Re: Strange behaviour on 'read' from a pipe

2012-04-01 Thread Lluís Batlle i Rossell
On Sun, Apr 01, 2012 at 11:53:12AM +0200, Andreas Schwab wrote:
> Chet Ramey  writes:
> 
> > On 3/31/12 9:19 AM, Lluís Batlle i Rossell wrote:
> >> Hello,
> >> 
> >> I have this script, that I've found to never write "DONE" in my systems, 
> >> with
> >> bash 4.0, 4.1, 4.2.. until 4.2-p20, my last test.
> >> 
> >> However, in irc some people told me it prints DONE for them. If I run the 
> >> script with
> >> bash under 'strace -f', it also prints DONE.
> >
> > It looks like a simple race condition.  I suspect that the scheduler
> > arranges things so that the child process ends up exiting between the
> > open and the read, but I don't have any real evidence to back it up.
> 
> Note that the opening of the pipe as part of the redirection in the
> parent blocks until there is a writer, ie. until the child opens the
> pipe.  Can this open call return EINTR?

Ah, maybe this is the source trouble. EINTR in open, instead of read.

But in this case, even a C program could not be protected against this race
other than blocking signals before opening the descriptor.

Maybe someone else knows better.



Re: Strange behaviour on 'read' from a pipe

2012-04-01 Thread Chet Ramey
On 4/1/12 5:53 AM, Andreas Schwab wrote:

>> It looks like a simple race condition.  I suspect that the scheduler
>> arranges things so that the child process ends up exiting between the
>> open and the read, but I don't have any real evidence to back it up.
> 
> Note that the opening of the pipe as part of the redirection in the
> parent blocks until there is a writer, ie. until the child opens the
> pipe.  Can this open call return EINTR?

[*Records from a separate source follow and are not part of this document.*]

(* With $F$ as described in the context, for $(A,g,(a_{ij})),(B,h,(b_{ij}))\in U(M(\rho,k))\times{\rm Aut}_0(\mathcal C)\times\mathcal T$ we have $F(A,g,(a_{ij})_{i\rho j})=F(B,h,(b_{ij})_{i\rho j})$ if and only if $g=h$ and there exist $d_1,\dots,d_n\in k^*$ such that $a_{ij}b_{ij}^{-1}=d_id_j^{-1}$ for all $i\rho j$ and $B^g=A^g\,{\rm diag}(d_1,\dots,d_n)$. Consequently, denoting this equivalence relation by $\approx$, $F$ induces a bijection $$\big(U(M(\rho,k))\times{\rm Aut}_0(\mathcal C)\times\mathcal T\big)/\!\approx\;\longrightarrow\;{\rm Iso}_{alg}({\rm End}(\mathcal F),{\rm End}(\mathcal F')).$$
   Context: Let $k$ be a field, $n\ge 1$, $\rho$ a preorder on $\{1,\dots,n\}$, $M(\rho,k)$ the subalgebra of $M_n(k)$ of matrices with $(i,j)$-entry $0$ whenever $(i,j)\notin\rho$, and $U(M(\rho,k))$ its group of invertible elements. Write $i\sim j$ iff $i\rho j$ and $j\rho i$; $\mathcal C$ is the set of classes, $\hat i$ the class of $i$, ordered by $\hat i\le\hat j$ iff $i\rho j$; $m_\alpha=|\alpha|$. A $\rho$-flag $(V,(V_\alpha)_{\alpha\in\mathcal C})$ is an $n$-dimensional space with subspaces $V_\alpha$ admitting a basis $B=\bigcup_\alpha B_\alpha$ (disjoint) with $|B_\alpha|=m_\alpha$ and $\bigcup_{\beta\le\alpha}B_\beta$ a basis of $V_\alpha$; ${\rm End}(\mathcal F)$ is the algebra of linear $f:V\to V$ with $f(V_\alpha)\subseteq V_\alpha$. Let $\mathcal F,\mathcal F'$ be $\rho$-flags on $V,V'$, with fixed adapted bases $(v_i),(v'_i)$ (i.e. $\{v_i:\hat i\le\alpha\}$ is a basis of $V_\alpha$ for all $\alpha$, similarly for $v'_i$); for $i\rho j$, $E_{ij}(v_t)=\delta_{jt}v_i$. ${\rm Aut}_0(\mathcal C)$ is the group of poset automorphisms $g$ of $\mathcal C$ with $m_{g(\alpha)}=m_\alpha$. For $g\in{\rm Aut}_0(\mathcal C)$, $\tilde g\in S_n$ is defined by: if $\alpha=\{i_1<\dots<i_r\}$ and $g(\alpha)=\{j_1<\dots<j_r\}$ then $\tilde g(i_s)=j_s$; for $A\in M_n(k)$, $A^g$ is the matrix whose $(i,j)$-entry is the $(i,\tilde g(j))$-entry of $A$. $\mathcal T$ is the set of families $(a_{ij})_{i\rho j}$ in $k^*$ with $a_{ij}a_{jr}=a_{ir}$ whenever $i\rho j$, $j\rho r$. The map $F$: for $(A,g,(a_{ij}))$, let $w_j=\sum_i (A^g)_{ij}v'_i$, let $F_{ij}\in{\rm End}(V')$ with $F_{ij}(w_j)=a_{ij}w_i$, $F_{ij}(w_r)=0$ for $r\ne j$, and let $F(A,g,(a_{ij}))$ be the linear map ${\rm End}(\mathcal F)\to{\rm End}(\mathcal F')$ sending $E_{ij}\mapsto F_{ij}$ for $i\rho j$ (this is an algebra isomorphism). *)

theory Defs
  imports Complex_Main "HOL-Library.FuncSet"
begin
lemma pgon_pdot:
  fixes v :: "nat \<Rightarrow> 'a::euclidean_space"
  assumes T: "T > 0" and j: "j < M" and t: "real j * T / real M < t" "t < real (Suc j) * T / real M"
  shows "pdot T (pgon T M v) t = (real M / T) *\<^sub>R (v (Suc j) - v j)"
proof -
  have M: "real M > 0" using j by simp
  define Op where "Op = {real j * T / real M <..< real (Suc j) * T / real M}"
  define aff where "aff t = v j + (t * real M / T - real j) *\<^sub>R (v (Suc j) - v j)" for t
  have "(aff has_vector_derivative (real M / T) *\<^sub>R (v (Suc j) - v j)) (at t)"
    unfolding aff_def using T by (auto intro!: derivative_eq_intros)
  then have "(pgon T M v has_vector_derivative (real M / T) *\<^sub>R (v (Suc j) - v j)) (at t)"
  proof (rule has_vector_derivative_transform_within_open[where S=Op])
    show "open Op" "t \<in> Op" using t by (auto simp: Op_def)
    fix y assume "y \<in> Op"
    then show "aff y = pgon T M v y"
      unfolding aff_def Op_def by (subst pgon_piece[OF T j]) auto
  qed
  then have D: "(pgon T M v has_vector_derivative (real M / T) *\<^sub>R (v (Suc j) - v j)) (at t within {0..T})"
    by (rule has_vector_derivative_at_within)
  have tin: "t \<in> {0..T}"
  proof -
    have "0 \<le> real j * T / real M" using T M by simp
    moreover have "real (Suc j) * T / real M \<le> T"
    proof -
      have "real (Suc j) \<le> real M" using j by simp
      then have "real (Suc j) * T \<le> T * real M" using T by (simp add: mult.commute mult_left_mono)
      then show ?thesis using M by (simp add: pos_divide_le_eq)
    qed
    ultimately show ?thesis using t by auto
  qed
  show ?thesis unfolding pdot_def
    by (rule vector_derivative_within_closed_interval[OF T tin D])
qed

lemma has_integral_uniform_pieces:
  fixes h :: "real \<Rightarrow> real" and F :: "nat \<Rightarrow> real \<Rightarrow> real"
  assumes T: "T > 0" and M: "M > 0"
    and cont: "\<And>k. k < M \<Longrightarrow> continuous_on {real k * T / real M .. real (Suc k) * T / real M} (F k)"
    and eq: "\<And>k t. k < M \<Longrightarrow> real k * T / real M < t \<Longrightarrow> t < real (Suc k) * T / real M \<Longrightarrow> h t = F k t"
  shows "(h has_integral (\<Sum>k<M. integral {real k * T / real M .. real (Suc k) * T / real M} (F k))) {0..T}"
proof -
  have "m \<le> M \<Longrightarrow> (h has_integral (\<Sum>k<m. integral {real k * T / real M .. real (Suc k) * T / real M} (F k))) {0..real m * T / real M}" for m
  proof (induction m)
    case 0 show ?case by (simp add: has_integral_refl)
  next
    case (Suc m)
    define a where "a = real m * T / real M"
    define c where "c = real (Suc m) * T / real M"
    have i1: "(h has_integral (\<Sum>k<m. integral {real k * T / real M .. real (Suc k) * T / real M} (F k))) {0..a}"
      using Suc unfolding a_def by simp
    have "(F m has_integral integral {a..c} (F m)) {a..c}"
      using cont[of m] Suc.prems unfolding a_def c_def by (simp add: integrable_continuous_interval integrable_integral)
    then have i2: "(h has_integral integral {a..c} (F m)) {a..c}"
    proof (rule has_integral_spike_finite[rotated 2])
      show "finite {a, c}" by simp
      fix x assume "x \<in> {a..c} - {a, c}"
      then show "h x = F m x" using eq[of m x] Suc.prems unfolding a_def c_def by auto
    qed
    have "0 \<le> a" using T M unfolding a_def by simp
    moreover have "a \<le> c" using T M unfolding a_def c_def by (simp add: divide_right_mono)
    ultimately have "(h has_integral (\<Sum>k<m. integral {real k * T / real M .. real (Suc k) * T / real M} (F k)) + integral {a..c} (F m)) {0..c}"
      by (rule has_integral_combine[OF _ _ i1 i2])
    then show ?case unfolding a_def c_def by simp
  qed
  from this[of M] show ?thesis using M by simp
qed

lemma seg_piece_has_integral:
  assumes cb: "continuous_on UNIV b" and T: "T > 0" and M: "M > 0"
  shows "((\<lambda>t. b (p + (t * real M / T - real k) *\<^sub>R (q - p)) \<bullet> ((real M / T) *\<^sub>R (q - p)))
           has_integral seg b p q) {real k * T / real M .. real (Suc k) * T / real M}"
proof -
  define m where "m = real M / T"
  have m: "m > 0" using T M by (simp add: m_def)
  define f where "f r = b (p + r *\<^sub>R (q - p)) \<bullet> (q - p)" for r
  have "(f has_integral seg b p q) (cbox 0 1)"
    using seg_has_integral[OF cb, of p q] unfolding f_def by simp
  from has_integral_affinity[OF this, of m "- real k"] m
  have "((\<lambda>x. f (m * x - real k)) has_integral (1 / m) * seg b p q)
          ((\<lambda>x. (1 / m) * x + real k / m) ` {0..1})"
    by simp
  also have "(\<lambda>x. (1 / m) * x + real k / m) ` {0..1} = {real k * T / real M .. real (Suc k) * T / real M}"
  proof -
    have A: "(\<lambda>x. (1 / m) * x + real k / m) ` {0..1} = {real k / m .. 1 / m + real k / m}"
      using m by (subst image_affinity_atLeastAtMost) simp
    have e1: "real k / m = real k * T / real M" using T M by (simp add: m_def)
    have e2: "1 / m + real k * T / real M = real (Suc k) * T / real M"
      using T M by (simp add: m_def add_divide_distrib algebra_simps)
    show ?thesis by (rule trans[OF A]) (simp only: e1 e2)
  qed
  finally have "((\<lambda>x. m * f (m * x - real k)) has_integral m * ((1 / m) * seg b p q)) {real k * T / real M .. real (Suc k) * T / real M}"
    by (rule has_integral_mult_right)
  moreover have "m * f (m * x - real k) = b (p + (x * real M / T - real k) *\<^sub>R (q - p)) \<bullet> ((real M / T) *\<^sub>R (q - p))" for x
  proof -
    have e: "real M / T * x = x * real M / T" by simp
    show ?thesis unfolding f_def m_def inner_scaleR_right e by (rule refl)
  qed
  ultimately show ?thesis using m by simp
qed

lemma pgon_in_segment:
  fixes v :: "nat \<Rightarrow> 'a::real_normed_vector"
  assumes T: "T > 0" and k: "k < M" and t: "t \<in> {real k * T / real M .. real (Suc k) * T / real M}"
  shows "pgon T M v t \<in> closed_segment (v k) (v (Suc k))"
proof -
  have M: "real M > 0" using k by simp
  define \<theta> where "\<theta> = t * real M / T - real k"
  have "real k * T \<le> t * real M" "t * real M \<le> real (Suc k) * T"
    using t M by (auto simp: field_simps)
  then have "0 \<le> \<theta>" "\<theta> \<le> 1" using T by (auto simp: \<theta>_def field_simps)
  moreover have "pgon T M v t = (1 - \<theta>) *\<^sub>R v k + \<theta> *\<^sub>R v (Suc k)"
    using pgon_piece[OF T k, of t v] t unfolding \<theta>_def by (simp add: algebra_simps)
  ultimately show ?thesis unfolding closed_segment_def by blast
qed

open() is supposed to return EINTR only if interrupted by a signal.  The
only signal I can see occurring is SIGCHLD, and bash installs the SIGCHLD
handler with SA_RESTART.

Chet

-- 
``The lyf so short, the craft so long to lerne.'' - Chaucer
 ``Ars longa, vita brevis'' - Hippocrates
Chet Ramey, ITS, CWRUc...@case.eduhttp://cnswww.cns.cwru.edu/~chet/



Re: Strange behaviour on 'read' from a pipe

2012-04-01 Thread Lluís Batlle i Rossell
On Sun, Apr 01, 2012 at 11:06:22AM -0400, Chet Ramey wrote:
> On 4/1/12 5:53 AM, Andreas Schwab wrote:
> 
> >> It looks like a simple race condition.  I suspect that the scheduler
> >> arranges things so that the child process ends up exiting between the
> >> open and the read, but I don't have any real evidence to back it up.
> > 
> > Note that the opening of the pipe as part of the redirection in the
> > parent blocks until there is a writer, ie. until the child opens the
> > pipe.  Can this open call return EINTR?
> 
> open() is supposed to return EINTR only if interrupted by a signal.  The
> only signal I can see occurring is SIGCHLD, and bash installs the SIGCHLD
> handler with SA_RESTART.

Then, any idea of what can be happening?



Re: Strange behaviour on 'read' from a pipe

2012-04-01 Thread Chet Ramey
On 4/1/12 1:02 PM, Lluís Batlle i Rossell wrote:
> On Sun, Apr 01, 2012 at 11:06:22AM -0400, Chet Ramey wrote:
>> On 4/1/12 5:53 AM, Andreas Schwab wrote:
>>
 It looks like a simple race condition.  I suspect that the scheduler
 arranges things so that the child process ends up exiting between the
 open and the read, but I don't have any real evidence to back it up.
>>>
>>> Note that the opening of the pipe as part of the redirection in the
>>> parent blocks until there is a writer, ie. until the child opens the
>>> pipe.  Can this open call return EINTR?
>>
>> open() is supposed to return EINTR only if interrupted by a signal.  The
>> only signal I can see occurring is SIGCHLD, and bash installs the SIGCHLD
>> handler with SA_RESTART.
> 
> Then, any idea of what can be happening?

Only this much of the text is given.